* _THE PROBLEM_: Pull every line holding the word "feasible" out of the data and copy it.

________________________

(* Let $T=(V,E)$ be a finite undirected tree, let $\mathcal{O}$ be a nonempty proper subset of $V$, and consider the infection model described in the context with source $s\in V\setminus\mathcal{O}$. Then, with probability one, a class $r\in[\mathcal{O}]$ is feasible if and only if $\operatorname{argmin}_{o\in\mathcal{O}}\tau_o\in\partial r$. In particular, almost surely at least one feasible equivalence class exists, and the set of feasible classes forms a star arrangement.
   Context: Infection model: an infection starts at time $0$ at a single node $s$ (the source). For each edge $e\in E$ there is a nonnegative random delay $\tau_e$ with a continuous (atomless) distribution, and the $\tau_e$, $e\in E$, are independent. For $u,v\in V$, $[u,v]$ denotes the set of edges (or vertices, depending on context) of the unique path in $T$ between $u$ and $v$. The infection time of $v\in V$ is $\tau_v:=\sum_{e\in[s,v]}\tau_e$. The observers are the nodes of $\mathcal{O}$. Equivalence classes: for $u,v\in V\setminus\mathcal{O}$, $u\equiv v$ iff $[u,v]\cap\mathcal{O}=\emptyset$ (vertex sets). $[\mathcal{O}]$ is the set of equivalence classes. For $r\in[\mathcal{O}]$, its boundary $\partial r$ is the set of observers adjacent to some node of $r$. For $o\in\mathcal{O}$ and a class $r$, $V_{o;r}:=\{v\in V: [o,v]\cap r=\emptyset\}$, and $T_{o;r}$ is the subtree of $T$ induced on $V_{o;r}$, rooted at $o$. A class $r$ is feasible if for every $o\in\partial r$ and every $o_1,o_2\in V_{o;r}\cap\mathcal{O}$ with $o_1$ an ancestor of $o_2$ in $T_{o;r}$, one has $\tau_{o_1}\le\tau_{o_2}$. A set $R\subset[\mathcal{O}]$ of classes is a star arrangement if $\bigcap_{r\in R}\partial r\neq\emptyset$. *)

theory Defs
  imports "HOL-Probability.Probability"
begin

________________________

* _WRITTEN ANSWER_:
(* Let $T=(V,E)$ be a finite undirected tree, let $\mathcal{O}$ be a nonempty proper subset of $V$, and consider the infection model described in the context with source $s\in V\setminus\mathcal{O}$. Then, with probability one, a class $r\in[\mathcal{O}]$ is feasible if and only if $\operatorname{argmin}_{o\in\mathcal{O}}\tau_o\in\partial r$. In particular, almost surely at least one feasible equivalence class exists, and the set of feasible classes forms a star arrangement.
   Context: Infection model: an infection starts at time $0$ at a single node $s$ (the source). For each edge $e\in E$ there is a nonnegative random delay $\tau_e$ with a continuous (atomless) distribution, and the $\tau_e$, $e\in E$, are independent. For $u,v\in V$, $[u,v]$ denotes the set of edges (or vertices, depending on context) of the unique path in $T$ between $u$ and $v$. The infection time of $v\in V$ is $\tau_v:=\sum_{e\in[s,v]}\tau_e$. The observers are the nodes of $\mathcal{O}$. Equivalence classes: for $u,v\in V\setminus\mathcal{O}$, $u\equiv v$ iff $[u,v]\cap\mathcal{O}=\emptyset$ (vertex sets). $[\mathcal{O}]$ is the set of equivalence classes. For $r\in[\mathcal{O}]$, its boundary $\partial r$ is the set of observers adjacent to some node of $r$. For $o\in\mathcal{O}$ and a class $r$, $V_{o;r}:=\{v\in V: [o,v]\cap r=\emptyset\}$, and $T_{o;r}$ is the subtree of $T$ induced on $V_{o;r}$, rooted at $o$. A class $r$ is feasible if for every $o\in\partial r$ and every $o_1,o_2\in V_{o;r}\cap\mathcal{O}$ with $o_1$ an ancestor of $o_2$ in $T_{o;r}$, one has $\tau_{o_1}\le\tau_{o_2}$. A set $R\subset[\mathcal{O}]$ of classes is a star arrangement if $\bigcap_{r\in R}\partial r\neq\emptyset$. *)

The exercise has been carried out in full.